Зашифрованное зодчество Риги
Уйдя с головой в повседневные заботы, жители латвийской столицы день за днём следуют по определённым маршрутам, зачастую не глядя по сторонам. Зато восхищённые туристы гуляют в центре города, делая снимки зданий загадочного архитектора, 150-летние которого отмечается в этом году.
Из купцов — в генералы
На главных улицах города почти два десятка архитектурных творений с причудливым декором. Вы не в Барселоне, и автор музыки, застывшей в камне, — не Антони Гауди. Это Российская империя, Рига начала ХХ века, а имя зодчего — Михаил Эйзенштейн. Больше лавров досталось его сыну Сергею — советскому «архитектору кино» и любимцу Сталина.

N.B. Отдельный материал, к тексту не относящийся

definition tau_lam :: "nat \<Rightarrow> (nat \<Rightarrow> nat \<Rightarrow> bool) \<Rightarrow> (nat \<Rightarrow> real) \<Rightarrow> real \<Rightarrow> ereal" where
  "tau_lam n mu w lam = (SUP x\<in>{0..}. delay n mu w lam x)"

definition tau_star :: "nat \<Rightarrow> (nat \<Rightarrow> nat \<Rightarrow> bool) \<Rightarrow> (nat \<Rightarrow> real) \<Rightarrow> ereal" where
  "tau_star n mu w = Lim (at_right 0) (tau_lam n mu w)"

definition deadline_optimal :: "nat \<Rightarrow> nat \<Rightarrow> (nat \<Rightarrow> real) \<Rightarrow> (nat \<Rightarrow> nat \<Rightarrow> bool) \<Rightarrow> bool" where
  "deadline_optimal n phi w mu \<longleftrightarrow>
     (\<forall>mu' K'. admissible n phi mu' \<and> cyclic mu' K' \<longrightarrow> tau_star n mu w \<le> tau_star n mu' w)"

end

theory Submission imports Defs begin

text \<open>For small arrival rates the link widths never bind, so an activated link forwards its whole
queue. The fluid of one arrival slot then travels as a packet, served at link j in the first
activation of j after its service at link j - 1. Under ORR the packet arriving in slot s waits for
the next multiple of phi + 1 and then advances one link per slot, so its delay is at most n + phi,
with equality for s = 0. For any other admissible cyclic policy take consecutive packets m, m + 1
whose service slots at the last link differ. Packet m + 1 is then served at every link strictly
after packet m, at link 0 already in slot m + 1, and the slots in which links 0, ..., phi serve
packet m and all n links serve packet m + 1 are n + phi + 1 distinct slots between m + 1 and the
service of packet m + 1 at the last link: two of them could only coincide for distinct links
within phi hops. So packet m + 1 has delay at least n + phi.\<close>

lemma mod_neq_if_less_diff:
  fixes i j p :: nat
  assumes "i < j" and "j - i < p"
  shows "i mod p \<noteq> j mod p"
proof
  assume "i mod p = j mod p"
  then have "p dvd j - i" using assms(1) mod_eq_dvd_iff_nat[of i j p] by simp
  then show False using assms by (auto dest: dvd_imp_le)
qed
lemma tree_dist_parent_non_ancestor:
  "2 \<le> m \<Longrightarrow> 0 < w \<Longrightarrow> \<not> ancestor d m w \<Longrightarrow>
    tree_dist d w m = Suc (tree_dist d w (parent d m))"
proof (induction w rule: less_induct)
  case (less w)
  consider "w < m" | "m < w"
    using less.prems(3) ancestor_refl by (metis linorder_neqE_nat)
  then show ?case
  proof cases
    case 1
    then show ?thesis using less.prems by (simp add: tree_dist_less)
  next
    case 2
    have "2 \<le> w" using 2 less.prems(1) by simp
    then have "\<not> ancestor d m (parent d w)"
      using less.prems(3) ancestor_step by blast
    then have "tree_dist d (parent d w) m = Suc (tree_dist d (parent d w) (parent d m))"
      using less.IH[of "parent d w"] less.prems(1) parent_less[OF \<open>2 \<le> w\<close>] by simp
    moreover have "parent d m < w"
      using parent_less[of m d] 2 less.prems(1) by simp
    ultimately show ?thesis
      using 2 less.prems by (simp add: tree_dist_greater)
  qed
qed

lemma tree_dist_parent_ancestor:
  "ancestor d m w \<Longrightarrow> 2 \<le> m \<Longrightarrow> tree_dist d w (parent d m) = Suc (tree_dist d w m)"
proof (induction rule: ancestor.induct)
  case (ancestor_refl m)
  then show ?case using parent_less[of m d] by (simp add: tree_dist_greater)
next
  case (ancestor_step x m)
  have "m \<le> parent d x" using ancestor_step.hyps(2) by (rule ancestor_le)
  moreover have "parent d m < m" using parent_less ancestor_step.prems .
  ultimately show ?case
    using ancestor_step parent_less[of x d] by (simp add: tree_dist_greater)
qed

lemma tree_dist_edge:
  "2 \<le> m \<Longrightarrow> 0 < w \<Longrightarrow> tree_dist d w m = Suc (tree_dist d w (parent d m))
     \<or> tree_dist d w (parent d m) = Suc (tree_dist d w m)"
  using tree_dist_parent_non_ancestor[of m w d] tree_dist_parent_ancestor[of d m w] by blast
(* Let $h_{00},h_{11},h_{22},h_{33}>0$, $\det h = h_{00}h_{11}h_{22}h_{33}$, $\beta=\frac{1}{6(\det h)^2}$, and $p(x,y)=x^4+x^3y+xy^3+y^4$, $q(x,y)=5x^4+3x^3y-xy^3-3y^4$. Consider $\dot g_{00} = -\beta\, p(-g_{11},g_{22})\, g_{00}^3$, $\dot g_{11} = -\beta\, q(-g_{11},g_{22})\, g_{00}^2 g_{11}$, $\dot g_{22} = -\beta\, q(g_{22},-g_{11})\, g_{00}^2 g_{22}$, $\dot g_{33} = 3\beta\, p(-g_{11},g_{22})\, g_{00}^2 g_{33}$, with $g_{ii}(0)=h_{ii}$. Then the solution exists for all $t\ge0$, $g_{33}$ is nondecreasing, and $(g_{11}g_{22})^{25} = \eta\,(g_{22}+g_{11})^4(2g_{22}^2-g_{11}g_{22}+2g_{11}^2)^3$ with $\eta = \frac{(h_{11}h_{22})^{25}}{(h_{22}+h_{11})^4(2h_{22}^2-h_{11}h_{22}+2h_{11}^2)^3}$. As $t\to\infty$: $g_{11},g_{22}\to(432\eta)^{1/40}$, $g_{00}\to \left(\frac{h_{00}^3h_{33}}{\det h}\right)^{1/2}(432\eta)^{1/40}$, $g_{33}\to\left(\frac{(\det h)^3}{h_{00}^3h_{33}}\right)^{1/2}(432\eta)^{-3/40}$. If $h_{11}=h_{22}$ the solution is constant. If $h_{11}<h_{22}$, then $g_{11}<g_{22}$ for all $t$, $g_{11}$ is increasing and $g_{22}$ is decreasing.
   Context: This system is Bach flow $\partial_t g = B$, $g(0)=h$, on $\mathbb{R}\times E(2)$ ($E(2)$ the universal cover of the group of Euclidean motions of the plane) written in a diagonalizing basis: a left-invariant frame $\{\partial_0,e_1,e_2,e_3\}$ with $[e_i,e_j]=\sum \varepsilon_{ijl}E^{lk}e_k$, $E=\mathrm{diag}(-1,-1,0)$, in which the product metric is $g=\mathrm{diag}(g_{00},g_{11},g_{22},g_{33})$; $B$ is the Bach tensor. Along the flow $g_{00}g_{11}g_{22}g_{33}=\det h$ is constant. *)

theory Defs
  imports "HOL-Analysis.Analysis"
begin

definition bach_p :: "real \<Rightarrow> real \<Rightarrow> real" where
  "bach_p x y = x^4 + x^3*y + x*y^3 + y^4"

definition bach_q :: "real \<Rightarrow> real \<Rightarrow> real" where
  "bach_q x y = 5*x^4 + 3*x^3*y - x*y^3 - 3*y^4"

definition bach_sol ::
  "real \<Rightarrow> real \<Rightarrow> real \<Rightarrow> real \<Rightarrow>
   (real \<Rightarrow> real) \<Rightarrow> (real \<Rightarrow> real) \<Rightarrow> (real \<Rightarrow> real) \<Rightarrow> (real \<Rightarrow> real) \<Rightarrow> bool" where
  "bach_sol h0 h1 h2 h3 g0 g1 g2 g3 \<longleftrightarrow>
     (let \<beta> = 1 / (6 * (h0*h1*h2*h3)^2) in
      g0 0 = h0 \<and> g1 0 = h1 \<and> g2 0 = h2 \<and> g3 0 = h3 \<and>
      (\<forall>t\<ge>0.
        (g0 has_real_derivative (- \<beta> * bach_p (- g1 t) (g2 t) * (g0 t)^3)) (at t within {0..}) \<and>
        (g1 has_real_derivative (- \<beta> * bach_q (- g1 t) (g2 t) * (g0 t)^2 * g1 t)) (at t within {0..}) \<and>
        (g2 has_real_derivative (- \<beta> * bach_q (g2 t) (- g1 t) * (g0 t)^2 * g2 t)) (at t within {0..}) \<and>
        (g3 has_real_derivative (3 * \<beta> * bach_p (- g1 t) (g2 t) * (g0 t)^2 * g3 t)) (at t within {0..})))"

end

theory Submission
  imports Defs "HOL-Complex_Analysis.Conformal_Mappings" "HOL-Real_Asymp.Real_Asymp"
begin

text \<open>
  Write the flow as \<open>g\<^sub>i' = g\<^sub>i r\<^sub>i\<close>. Since \<open>r\<^sub>0 + r\<^sub>1 + r\<^sub>2 + r\<^sub>3 = 0\<close> and
  \<open>3 r\<^sub>0 + r\<^sub>3 = 0\<close>, the products \<open>g\<^sub>0 g\<^sub>1 g\<^sub>2 g\<^sub>3\<close> and \<open>g\<^sub>0\<^sup>3 g\<^sub>3\<close> are conserved,
  so \<open>g\<^sub>0\<^sup>2 = K g\<^sub>1 g\<^sub>2\<close>. The quantities \<open>(g\<^sub>1 g\<^sub>2)\<^sup>2\<^sup>5\<close> and
  \<open>(g\<^sub>1 + g\<^sub>2)\<^sup>4 (2 g\<^sub>2\<^sup>2 - g\<^sub>1 g\<^sub>2 + 2 g\<^sub>1\<^sup>2)\<^sup>3\<close> have the same logarithmic derivative
  \<open>25 (r\<^sub>1 + r\<^sub>2)\<close>, which gives the first integral \<open>\<eta>\<close>. The gap \<open>g\<^sub>2 - g\<^sub>1\<close> solves a
  linear equation whose rate stays below a negative constant, so it keeps its sign and decays
  exponentially; \<open>g\<^sub>1\<close> and \<open>g\<^sub>2\<close> are then monotone with a common limit \<open>L\<close>, and the first
  integral at \<open>(L, L)\<close> reads \<open>L\<^sup>4\<^sup>0 = 432 \<eta>\<close>.

  For existence, on the level set of the first integral the ratio \<open>l = g\<^sub>2 / g\<^sub>1\<close> obeys an
  autonomous equation \<open>l' = - l W(l)\<close> whose right-hand side vanishes only linearly at the
  equilibrium \<open>l = 1\<close>; inverting its time map gives a global solution, from which the four
  components are recovered.
\<close>

section \<open>Calculus on intervals\<close>

lemma has_real_derivative_mvt_convex:
  fixes f f' :: "real \<Rightarrow> real"
  assumes "convex S" and deriv: "\<And>t. t \<in> S \<Longrightarrow> (f has_real_derivative f' t) (at t within S)"
    and "r \<in> S" "s \<in> S" "r < s"
  obtains \<xi> where "\<xi> \<in> S" "r < \<xi>" "\<xi> < s" "f s - f r = (s - r) * f' \<xi>"
proof -
  have "is_interval S" by (simp add: is_interval_convex_1 assms(1))
  have sub: "{r..s} \<subseteq> S"
  proof
    fix x assume "x \<in> {r..s}"
    then show "x \<in> S" by (intro mem_is_interval_1_I[OF \<open>is_interval S\<close> assms(3,4)]) auto
  qed
  have "(f has_derivative (*) (f' t)) (at t within {r..s})" if "r \<le> t" "t \<le> s" for t
    unfolding has_field_derivative_def[symmetric]
    by (rule has_field_derivative_subset[OF deriv sub]) (use sub that in auto)
  from mvt_simple[OF \<open>r < s\<close> this] obtain \<xi> where \<xi>: "\<xi> \<in> {r<..<s}" "f s - f r = f' \<xi> * (s - r)"
    by blast
  show thesis
  proof (rule that[of \<xi>])
    show "f s - f r = (s - r) * f' \<xi>" using \<xi>(2) by (simp only: mult.commute)
  qed (use sub \<xi>(1) in auto)
qed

В своё время один из потомков немецких евреев, петербургский купец Осип Эйзенштейн женился на девушке со шведскими корнями. 5 сентября 1867 года у них родился сын Миша. Усердный и настойчивый с детства, он поступил в Институт гражданских инженеров и окончил его с отличием. Михаил превосходно владел немецким и французским языками, коллекционировал живопись и книги, слыл заядлым театралом и обожал оперу. Но истинной его страстью была оригинальная архитектура.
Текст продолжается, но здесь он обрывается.